I can’t remember the first time I came down here. Or which train I took. I don’t remember scanning my Clipper card, walking down the escalator, or choosing the correct side of the track to stand on. I certainly don’t remember doing any of this with any forethought of the process — or, without knowing what a Clipper is.
Maybe it’s because there are more than a handful of these underground stations; all of them alike. Things happen down here. But it all seems designed to inspire obedience. The smell, the still air, the fast walking, the monotone female voice foreboding the arrival of one and/or two car trains; all similarly indistinctive.
The truth was, I’d been having a rough go of it. A foggy patch, though I hadn’t yet coined that term for it.
Not to be a downer, but I don’t believe in fate. Not with a capital “f” or any incarnation of something deemed “a fateful event.” Life is full of meaningless coincidences. But instead of experiencing them passively, we assign them meaning out of … I don’t know … boredom.
There was a coincidental encounter I had on a train down here one time, though.
Robert Waters (no relation to John).
With all the trains running through all these indistinctive tunnels — and all the people being ushered along by the monotone female voice — I ran into Waters, a guy from my hometown — nearly 3,000 miles away.
Always the collector, he had come out to accumulate sounds. Like me, he was one who’d made himself up. Or, to be more accurate, was in the process of doing so. I’d been here longer. And so, my self was arguably more cemented; though this foggy patch threatened to unravel all that I’d become.
I was on the N-train heading east toward the city. Waters said he’d been renting a place at the Boyd Hotel on Jones Street. I remembered it for the woman out front, wearing a trash bag as a blouse, and speaking in the language and at the volume of the neighborhood who’d tried to grab my ass on the way in.

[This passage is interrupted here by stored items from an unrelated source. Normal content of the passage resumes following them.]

lemma internal_energy_diff_self:
  assumes "dens ns V \<noteq> 0"
  shows "internal_energy_diff V V = internal_energy V"
proof -
  have "(\<Sum>d<N. vel ns V d * V (Mom d)) = (\<Sum>d<N. (V (Mom d))\<^sup>2) / dens ns V"
    unfolding vel_def by (simp add: sum_divide_distrib power2_eq_square)
  moreover have "(\<Sum>d<N. (vel ns V d)\<^sup>2) = (\<Sum>d<N. (V (Mom d))\<^sup>2) / (dens ns V)\<^sup>2"
    unfolding vel_def by (simp add: sum_divide_distrib power_divide)
  then have "(\<Sum>d<N. (vel ns V d)\<^sup>2) / 2 * dens ns V = (1/2) * (\<Sum>d<N. (V (Mom d))\<^sup>2) / dens ns V"
    using assms by (simp add: power2_eq_square)
  ultimately show ?thesis unfolding internal_energy_diff_def internal_energy_def by (simp add: mult.commute)
qed

lemma internal_energy_diff_eq_relative:
  assumes "dens ns W \<noteq> 0"
  shows "internal_energy_diff V W
    = internal_energy W + dens ns W / 2 * (\<Sum>j<N. (vel ns W j - vel ns V j)\<^sup>2)"
proof -
  have split: "(\<Sum>j<N. (vel ns W j - vel ns V j)\<^sup>2)
    = (\<Sum>j<N. (vel ns W j)\<^sup>2) - 2 * (\<Sum>j<N. vel ns V j * vel ns W j) + (\<Sum>j<N. (vel ns V j)\<^sup>2)"
    by (simp add: power2_diff sum.distrib sum_subtractf sum_distrib_left algebra_simps)
  have "dens ns W * (\<Sum>j<N. (vel ns W j)\<^sup>2) = (\<Sum>j<N. (W (Mom j))\<^sup>2) / dens ns W"
    "dens ns W * (\<Sum>j<N. vel ns V j * vel ns W j) = (\<Sum>j<N. vel ns V j * W (Mom j))"
    unfolding vel_def using assms
    by (simp_all add: sum_distrib_left sum_divide_distrib power2_eq_square field_simps)
  then show ?thesis unfolding internal_energy_diff_def internal_energy_def split
    by (simp add: algebra_simps add_divide_distrib diff_divide_distrib)
qed
(* Under the hypotheses and notation of the linearised solver without regularisation (with $L\ge L_\zeta/2$, $u^n$ the solution of the nonlinear discrete equation and $(u^{n,i})_{i\ge0}$ the iterates), let $e^{n,i}:=u^n-u^{n,i}$. Then for every $i\ge1$, $$2\|\Pi_{\mathcal D}e^{n,i}\|_{*,\mathcal D}^2+\delta t\,L\,\|\Pi_{\mathcal D}e^{n,i}\|^2\le \delta t\,L\,\|\Pi_{\mathcal D}e^{n,i-1}\|^2,$$ and consequently $2\sum_{i=1}^\infty\|\Pi_{\mathcal D}e^{n,i}\|_{*,\mathcal D}^2\le\delta t\,L\,\|\Pi_{\mathcal D}e^{n,0}\|^2$.
   Context: Setting: $\Theta\subset\mathbb{R}^d$ open bounded; gradient discretisation with piecewise constant reconstruction $(X_{\mathcal D},\Pi_{\mathcal D},\nabla_{\mathcal D})$: $X_{\mathcal D}$ finite-dimensional with basis indexed by a finite set $B$, $\Pi_{\mathcal D}v=\sum_{j\in B}v_j\mathbf 1_{\Theta_j}$ for disjoint measurable $\Theta_j\subset\Theta$, $\nabla_{\mathcal D}:X_{\mathcal D}\to L^2(\Theta)^d$ linear with $\|\nabla_{\mathcal D}\cdot\|$ a norm. For $g$ with $g(0)=0$, $g(v):=(g(v_j))_j$. $\zeta$ non-decreasing Lipschitz, $\zeta(0)=0$, $0\le\zeta'\le L_\zeta$ a.e.; $\delta t>0$; $r\in L^2(\Theta)$ fixed. $u^n\in X_{\mathcal D}$ satisfies $\langle\Pi_{\mathcal D}u^n,\Pi_{\mathcal D}\varphi\rangle+\delta t\langle\nabla_{\mathcal D}\zeta(u^n),\nabla_{\mathcal D}\varphi\rangle=\langle r,\Pi_{\mathcal D}\varphi\rangle$ for all $\varphi\in X_{\mathcal D}$; $u^{n,0}\in X_{\mathcal D}$ arbitrary and for $i\ge1$, $\langle\Pi_{\mathcal D}u^{n,i},\Pi_{\mathcal D}\varphi\rangle+\delta t L\langle\nabla_{\mathcal D}u^{n,i},\nabla_{\mathcal D}\varphi\rangle=\delta t\langle L\nabla_{\mathcal D}u^{n,i-1}-\nabla_{\mathcal D}\zeta(u^{n,i-1}),\nabla_{\mathcal D}\varphi\rangle+\langle r,\Pi_{\mathcal D}\varphi\rangle$ for all $\varphi$. $\|\cdot\|$ is the $L^2(\Theta)$ norm and $\|v\|_{*,\mathcal D}:=\sup\{\int_\Theta v\,\Pi_{\mathcal D}w: w\in X_{\mathcal D},\|\nabla_{\mathcal D}w\|=1\}$. *)

theory Defs
  imports "HOL-Analysis.Analysis"
begin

Waters laughed when I told him I didn’t have any leads on new sounds.
“Broken glass? Screams? Firecrackers?” he asked, as he pulled out a Klean Kanteen from his backpack, unscrewed the lid and passed it over to me.
I shook my head and, without making eye contact, took a sip of the brown liquor from the Kanteen.
“How are you liking California?” he asked.
“I’m in no mood to talk religion,” said I.
Waters looked around, smiled and pulled his tuft of blonde hair back, revealing his high hairline as he left his hand resting on the top of his head.
“Wanna come by and see what I’ve gathered?” he asked, catching his reflection in the empty blackness of the train’s window.
“Hell, yeah,” said I. Perhaps this was a chance to lift the fog for a bit.